[Stored data entries]
------------------------------------------------
lemma sball_iso_word_lcos:
  assumes edges: "\<forall>c \<in> sball G Q H k p. \<forall>c' \<in> sball G Q H k p. \<forall>q \<in> Q.
      q <# c = c' \<longleftrightarrow> q <# f c = f c'"
    and root: "f p = p'" and p: "p \<in> sverts G H" and p': "p' \<in> sverts G H"
    and ws: "set ws \<subseteq> Q" "length ws \<le> k"
  shows "f (word_val G ws <# p) = word_val G ws <# p'"
  using ws
proof (induction ws)
  case Nil
  then show ?case
    using root sverts_subset_carrier[OF p] sverts_subset_carrier[OF p'] by (simp add: lcos_mult_one)
next
  case (Cons q ws)
  let ?w = "word_val G ws"
  have q: "q \<in> Q" "q \<in> carrier G" and w: "?w \<in> carrier G"
    using Cons.prems gens_subset_carrier by auto
  have qw: "word_val G (q # ws) <# p = q <# (?w <# p)"
    and qw': "word_val G (q # ws) <# p' = q <# (?w <# p')"
    using q w sverts_subset_carrier[OF p] sverts_subset_carrier[OF p'] by (simp_all add: lcos_m_assoc)
  have "?w <# p \<in> sball G Q H k p" and "q <# (?w <# p) \<in> sball G Q H k p"
    using word_lcos_mem_sball[OF p Cons.prems] word_lcos_mem_sball[OF p, of ws k] Cons.prems qw
    by auto
  with edges q(1) have "q <# f (?w <# p) = f (q <# (?w <# p))"
    by blast
  then show ?case
    using Cons qw qw' by simp
qed

lemma rl_iso_word_fixes_iff:
  assumes "rl_iso G Q H k p p'" and p: "p \<in> sverts G H" and p': "p' \<in> sverts G H"
    and ws: "set ws \<subseteq> Q" "length ws \<le> k"
  shows "word_val G ws <# p = p \<longleftrightarrow> word_val G ws <# p' = p'"
proof -
  obtain f where bij: "bij_betw f (sball G Q H k p) (sball G Q H k p')" and root: "f p = p'"
    and edges: "\<forall>c \<in> sball G Q H k p. \<forall>c' \<in> sball G Q H k p. \<forall>q \<in> Q.
      q <# c = c' \<longleftrightarrow> q <# f c = f c'"
    using assms(1) unfolding rl_iso_def by blast
  have f_word: "f (word_val G ws <# p) = word_val G ws <# p'"
    using sball_iso_word_lcos[OF edges root p p' ws] .
  have "word_val G ws <# p \<in> sball G Q H k p" and "p \<in> sball G Q H k p"
    using word_lcos_mem_sball[OF p ws] word_lcos_mem_sball[OF p, of "[]"] sverts_subset_carrier[OF p]
    by (auto simp: lcos_mult_one)
  then have "word_val G ws <# p = p \<longleftrightarrow> f (word_val G ws <# p) = f p"
    using bij_betw_imp_inj_on[OF bij] by (simp add: inj_on_eq_iff)
  then show ?thesis
    using f_word root by simp
qed

lemma units_GH_subset_sverts:
  assumes "x \<in> units_GH G Q H"
  shows "x n \<subseteq> sverts G H"
  using assms by (auto simp: units_GH_def En_def cls_def)
text \<open>For weights \<open>w\<close> summing to one and positive ratios \<open>r\<close>, the moment \<open>\<Sum> w r\<^sup>s\<close> is at most
  \<open>2^(s (\<Sum> w log r + \<delta>))\<close> for some small \<open>s > 0\<close>: at \<open>s = 0\<close> the exponent \<open>log (\<Sum> w r\<^sup>s)\<close>
  vanishes and has derivative \<open>\<Sum> w log r\<close>.\<close>
lemma weighted_powr_exponent_bound:
  fixes S :: "'a set" and w r :: "'a \<Rightarrow> real" and \<delta> :: real
  assumes fin: "finite S" and w: "\<And>t. t \<in> S \<Longrightarrow> w t > 0" and r: "\<And>t. t \<in> S \<Longrightarrow> r t > 0"
    and sw: "(\<Sum>t\<in>S. w t) = 1" and d: "\<delta> > 0"
  shows "\<exists>s>0. s \<le> 1 \<and> (\<Sum>t\<in>S. w t * r t powr s) \<le> 2 powr (s * ((\<Sum>t\<in>S. w t * log 2 (r t)) + \<delta>))"
proof -
  define J where "J = (\<Sum>t\<in>S. w t * ln (r t))"
  define a where "a = (\<Sum>t\<in>S. \<bar>ln (r t)\<bar>) + 1"
  have a_bound: "\<bar>ln (r t)\<bar> \<le> a" if "t \<in> S" for t
  proof -
    have "\<bar>ln (r t)\<bar> \<le> (\<Sum>t\<in>S. \<bar>ln (r t)\<bar>)" using fin that by (intro member_le_sum) auto
    then show ?thesis unfolding a_def by simp
  qed
  have a1: "a \<ge> 1" unfolding a_def by (simp add: sum_nonneg)
  then have a0: "a > 0" by simp
  define l2 where "l2 = ln (2::real)"
  have l2: "l2 > 0" unfolding l2_def by simp
  define s where "s = min (1 / a) (\<delta> * l2 / a\<^sup>2)"
  have s0: "s > 0" unfolding s_def using a0 d l2 by simp
  have sa: "s * a \<le> 1" and sd: "s * a\<^sup>2 \<le> \<delta> * l2"
    unfolding s_def using a0 by (auto simp: field_simps min_def)
  have "s * 1 \<le> s * a" using a1 s0 by (intro mult_left_mono) auto
  with sa have s1: "s \<le> 1" by simp
  \<comment> \<open>uniformly over \<open>S\<close>, \<open>|s ln r| \<le> s a \<le> 1\<close>, so the second-order bound applies\<close>
  have expansion: "r t powr s \<le> 1 + s * ln (r t) + s\<^sup>2 * a\<^sup>2" if t: "t \<in> S" for t
  proof -
    have small: "\<bar>s * ln (r t)\<bar> \<le> s * a" using a_bound[OF t] s0 by (simp add: abs_mult)
    then have "(s * ln (r t))\<^sup>2 \<le> (s * a)\<^sup>2" by (metis abs_ge_zero power2_abs power_mono)
    moreover have "r t powr s \<le> 1 + s * ln (r t) + (s * ln (r t))\<^sup>2"
      using small sa by (intro powr_le_second_order[OF r[OF t]]) linarith
    ultimately show ?thesis by (simp add: power_mult_distrib)
  qed
  have "(\<Sum>t\<in>S. w t * r t powr s) \<le> (\<Sum>t\<in>S. w t * (1 + s * ln (r t) + s\<^sup>2 * a\<^sup>2))"
    using w expansion by (intro sum_mono mult_left_mono) (auto simp: less_imp_le)
  also have "\<dots> = 1 + s * J + s\<^sup>2 * a\<^sup>2"
    unfolding J_def using sw
    by (simp add: algebra_simps sum.distrib sum_distrib_left sum_distrib_right[symmetric])
  also have "\<dots> \<le> exp (s * J + s\<^sup>2 * a\<^sup>2)"
    using exp_ge_add_one_self[of "s * J + s\<^sup>2 * a\<^sup>2"] by (simp add: add.assoc)
  also have "\<dots> \<le> exp (s * (J + \<delta> * l2))"
    using sd s0 by (simp add: power2_eq_square algebra_simps mult_left_mono)
  also have "\<dots> = 2 powr (s * ((\<Sum>t\<in>S. w t * log 2 (r t)) + \<delta>))"
    unfolding J_def l2_def
    by (simp add: powr_def log_def sum_divide_distrib[symmetric] algebra_simps)
  finally show ?thesis using s0 s1 by blast
qed


subsection \<open>Single-letter quantities\<close>

definition eve_chan :: "('x \<Rightarrow> ('y \<times> 'z) pmf) \<Rightarrow> 'x \<Rightarrow> 'z pmf" where
  "eve_chan W x = map_pmf snd (W x)"

definition eve_given_U :: "('u \<times> 'x) pmf \<Rightarrow> ('x \<Rightarrow> ('y \<times> 'z) pmf) \<Rightarrow> 'u \<Rightarrow> 'z pmf" where
  "eve_given_U pUX W u = bind_pmf (cond_X_given_U pUX u) (eve_chan W)"

text \<open>The likelihood ratio \<open>W(z|x) / Q(z|u)\<close> whose logarithm has mean \<open>I(X;Z|U)\<close>.\<close>
definition info_ratio :: "('u \<times> 'x) pmf \<Rightarrow> ('x \<Rightarrow> ('y \<times> 'z) pmf) \<Rightarrow> 'u \<times> 'x \<times> 'z \<Rightarrow> real" where
  "info_ratio pUX W t = (case t of (u, x, z) \<Rightarrow> pmf (eve_chan W x) z / pmf (eve_given_U pUX W u) z)"

text \<open>The tilted moment \<open>g\<^sub>s(u) = \<Sum>\<^sub>z Q(z|u)\<^sup>-\<^sup>s E[W(z|X)\<^sup>1\<^sup>+\<^sup>s | U = u]\<close> governing the tail term.\<close>
definition tilted_moment :: "('u \<times> 'x) pmf \<Rightarrow> ('x \<Rightarrow> ('y \<times> 'z::finite) pmf) \<Rightarrow> real \<Rightarrow> 'u \<Rightarrow> real" where
  "tilted_moment pUX W s u = (\<Sum>z\<in>UNIV. pmf (eve_given_U pUX W u) z powr (-s)
       * measure_pmf.expectation (cond_X_given_U pUX u) (\<lambda>x. pmf (eve_chan W x) z powr (1 + s)))"
lemma reachable_by_positive_flow:
  fixes g :: "'h \<Rightarrow> rat"
  assumes g: "is_flow (\<lambda>x. a * net_supply u v x) g" and "a > 0"
  shows "(adjacent {h\<in>H. g h > 0})\<^sup>*\<^sup>* u v"
proof (rule ccontr)
  define X where "X = {y. (adjacent {h\<in>H. g h > 0})\<^sup>*\<^sup>* u y}"
  assume unreachable: "\<not> (adjacent {h\<in>H. g h > 0})\<^sup>*\<^sup>* u v"
  then have "u \<noteq> v"
    by auto
  then have "outflow g u \<noteq> 0"
    using g \<open>a > 0\<close> by (simp add: is_flow_def net_supply_def)
  then have "u \<in> vt ` H"
    unfolding outflow_def by (metis (mono_tags, lifting) empty_Collect_eq image_eqI sum.empty)
  then have "(\<Sum>h\<in>cut X. g h) = a"
    using flow_sum_cut[OF g, of X] unreachable finite_H
    by (simp add: sum_distrib_left[symmetric] sum_net_supply X_def)
  moreover have "g h \<le> 0" if "h \<in> cut X" for h
    using not_in_cut_reachable[OF that[unfolded X_def]] that by (auto simp: cut_def)
  then have "(\<Sum>h\<in>cut X. g h) \<le> 0"
    by (rule sum_nonpos)
  ultimately show False
    using \<open>a > 0\<close> by simp
qed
------------------------------------------------
**Exercise directions**: Above are the records; report how many of their lines hold the string "unreachable", with no other words.

**Task output**: 2